Proceedings on a federal case challenging how Michigan’s legislative districts are drawn are slated to begin on Tuesday morning in Detroit after Republicans’ last-ditch appeal to the U.S. Supreme Court was rejected.
GOP attorneys had argued that the case would be rendered irrelevant because the High Court is set to rule on similar redistricting cases in Maryland and North Carolina.
The U.S. Supreme Court, through Justice Sonia Sotomayor, on Monday denied the request of GOP plaintiffs to halt the hearing, the Detroit News reported.The suit alleges that Republicans gerrymandered districts in the 2011 redistricting process by the GOP-controlled Legislature and signed by then-Gov. Rick Snyder.

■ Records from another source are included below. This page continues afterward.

primrec nt_wf :: "nterm \<Rightarrow> bool" where
  "nt_wf (NConst c) = True"
| "nt_wf (NApp g xs) = (length xs = snd g)"
| "nt_wf (NAdd i j) = (nt_wf i \<and> nt_wf j)"
| "nt_wf (NMul i j) = (nt_wf i \<and> nt_wf j)"
| "nt_wf (NSum ys i) = (distinct ys \<and> nt_wf i)"

text \<open>Fragment ESO_R[O,E,C]: operations in O, comparisons in E, constants in C.\<close>
primrec in_frag :: "numop set \<Rightarrow> cmpop set \<Rightarrow> real set \<Rightarrow> eso \<Rightarrow> bool" where
  "in_frag Ops E C (EEq x y) = True"
| "in_frag Ops E C (ENeq x y) = True"
| "in_frag Ops E C (ECmp e i j) = (e \<in> E \<and> nt_ops i \<union> nt_ops j \<subseteq> Ops \<and> nt_consts i \<union> nt_consts j \<subseteq> C)"
| "in_frag Ops E C (ENCmp e i j) = (e \<in> E \<and> nt_ops i \<union> nt_ops j \<subseteq> Ops \<and> nt_consts i \<union> nt_consts j \<subseteq> C)"
| "in_frag Ops E C (ERel R xs) = True"
| "in_frag Ops E C (ENRel R xs) = True"
| "in_frag Ops E C (EAnd p q) = (in_frag Ops E C p \<and> in_frag Ops E C q)"
| "in_frag Ops E C (EOr p q) = (in_frag Ops E C p \<and> in_frag Ops E C q)"
| "in_frag Ops E C (EEx x p) = in_frag Ops E C p"
| "in_frag Ops E C (EAll x p) = in_frag Ops E C p"
| "in_frag Ops E C (EExF g p) = in_frag Ops E C p"

primrec eso_fv :: "eso \<Rightarrow> nat set" where
  "eso_fv (EEq x y) = {x, y}"
| "eso_fv (ENeq x y) = {x, y}"
| "eso_fv (ECmp e i j) = nt_fv i \<union> nt_fv j"
| "eso_fv (ENCmp e i j) = nt_fv i \<union> nt_fv j"
| "eso_fv (ERel R xs) = set xs"
| "eso_fv (ENRel R xs) = set xs"
| "eso_fv (EAnd p q) = eso_fv p \<union> eso_fv q"
| "eso_fv (EOr p q) = eso_fv p \<union> eso_fv q"
| "eso_fv (EEx x p) = eso_fv p - {x}"
| "eso_fv (EAll x p) = eso_fv p - {x}"
| "eso_fv (EExF g p) = eso_fv p"

primrec eso_ffv :: "eso \<Rightarrow> sym set" where
  "eso_ffv (EEq x y) = {}"
| "eso_ffv (ENeq x y) = {}"
| "eso_ffv (ECmp e i j) = nt_ffv i \<union> nt_ffv j"
| "eso_ffv (ENCmp e i j) = nt_ffv i \<union> nt_ffv j"
| "eso_ffv (ERel R xs) = {}"
| "eso_ffv (ENRel R xs) = {}"
| "eso_ffv (EAnd p q) = eso_ffv p \<union> eso_ffv q"
| "eso_ffv (EOr p q) = eso_ffv p \<union> eso_ffv q"
| "eso_ffv (EEx x p) = eso_ffv p"
| "eso_ffv (EAll x p) = eso_ffv p"
| "eso_ffv (EExF g p) = eso_ffv p - {g}"

primrec eso_wf :: "sym set \<Rightarrow> eso \<Rightarrow> bool" where
  "eso_wf tau (EEq x y) = True"
| "eso_wf tau (ENeq x y) = True"
| "eso_wf tau (ECmp e i j) = (nt_wf i \<and> nt_wf j)"
| "eso_wf tau (ENCmp e i j) = (nt_wf i \<and> nt_wf j)"
| "eso_wf tau (ERel R xs) = (R \<in> tau \<and> length xs = snd R)"
| "eso_wf tau (ENRel R xs) = (R \<in> tau \<and> length xs = snd R)"
| "eso_wf tau (EAnd p q) = (eso_wf tau p \<and> eso_wf tau q)"
| "eso_wf tau (EOr p q) = (eso_wf tau p \<and> eso_wf tau q)"
| "eso_wf tau (EEx x p) = eso_wf tau p"
| "eso_wf tau (EAll x p) = eso_wf tau p"
| "eso_wf tau (EExF g p) = eso_wf tau p"

definition upds :: "(nat \<Rightarrow> nat) \<Rightarrow> nat list \<Rightarrow> nat list \<Rightarrow> (nat \<Rightarrow> nat)" where
  "upds s ys l = foldl (\<lambda>t (y, a). t(y := a)) s (zip ys l)"

primrec nt_eval :: "nat set \<Rightarrow> (sym \<Rightarrow> nat list \<Rightarrow> real) \<Rightarrow> (nat \<Rightarrow> nat) \<Rightarrow> nterm \<Rightarrow> real" where
  "nt_eval A F s (NConst c) = c"
| "nt_eval A F s (NApp g xs) = F g (map s xs)"
| "nt_eval A F s (NAdd i j) = nt_eval A F s i + nt_eval A F s j"
| "nt_eval A F s (NMul i j) = nt_eval A F s i * nt_eval A F s j"
| "nt_eval A F s (NSum ys i) = (\<Sum>l\<in>tuples (length ys) A. nt_eval A F (upds s ys l) i)"

fun cmp_eval :: "cmpop \<Rightarrow> real \<Rightarrow> real \<Rightarrow> bool" where
  "cmp_eval CEq a b = (a = b)"
| "cmp_eval CLt a b = (a < b)"
| "cmp_eval CLe a b = (a \<le> b)"

primrec eso_sat :: "rstruc \<Rightarrow> (sym \<Rightarrow> nat list \<Rightarrow> real) \<Rightarrow> (nat \<Rightarrow> nat) \<Rightarrow> eso \<Rightarrow> bool" where
  "eso_sat M F s (EEq x y) = (s x = s y)"
| "eso_sat M F s (ENeq x y) = (s x \<noteq> s y)"
| "eso_sat M F s (ECmp e i j) = cmp_eval e (nt_eval (univ M) F s i) (nt_eval (univ M) F s j)"
| "eso_sat M F s (ENCmp e i j) = (\<not> cmp_eval e (nt_eval (univ M) F s i) (nt_eval (univ M) F s j))"
| "eso_sat M F s (ERel R xs) = (map s xs \<in> rel M R)"
| "eso_sat M F s (ENRel R xs) = (map s xs \<notin> rel M R)"
| "eso_sat M F s (EAnd p q) = (eso_sat M F s p \<and> eso_sat M F s q)"
| "eso_sat M F s (EOr p q) = (eso_sat M F s p \<or> eso_sat M F s q)"
| "eso_sat M F s (EEx x p) = (\<exists>a\<in>univ M. eso_sat M F (s(x := a)) p)"
| "eso_sat M F s (EAll x p) = (\<forall>a\<in>univ M. eso_sat M F (s(x := a)) p)"
| "eso_sat M F s (EExF g p) =
     (\<exists>h. (\<forall>l. l \<notin> tuples (snd g) (univ M) \<longrightarrow> h l = 0) \<and> eso_sat M (F(g := h)) s p)"

definition Struc_ESO :: "sym set \<Rightarrow> sym \<Rightarrow> eso \<Rightarrow> rstruc set" where
  "Struc_ESO tau f psi = {M. is_dstruc tau (snd f) M \<and>
      eso_sat M (\<lambda>g. if g = f then fval M else (\<lambda>_. 0)) (\<lambda>_. 0) psi}"

end

theory Submission
  imports Defs
begin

As the Advance has extensively reported, there has been an abundance of motions in the last few weeks in the case of League of Women Voters et. al. v. Jocelyn Benson. Benson, a Democrat, became party to the lawsuit when she took office as secretary of state on Jan. 1.
Benson tried to reach a settlement with plaintiffs in which 11 state House districts would have been redrawn in time for the 2020 election. The next full redistricting process comes after the 2020 census and will be done by a nonpartisan commission as established under Proposal 2 of 2018.
A three-judge panel in the U.S. District Court for the Eastern District of Michigan on Friday night denied a motion by Benson to settle the lawsuit.
The judges said that Benson lacks the authority to enter into the settlement without the support of the GOP-controlled Legislature. Several Republican legislators have intervened in the case, including state House Speaker Lee Chatfield (R-Levering).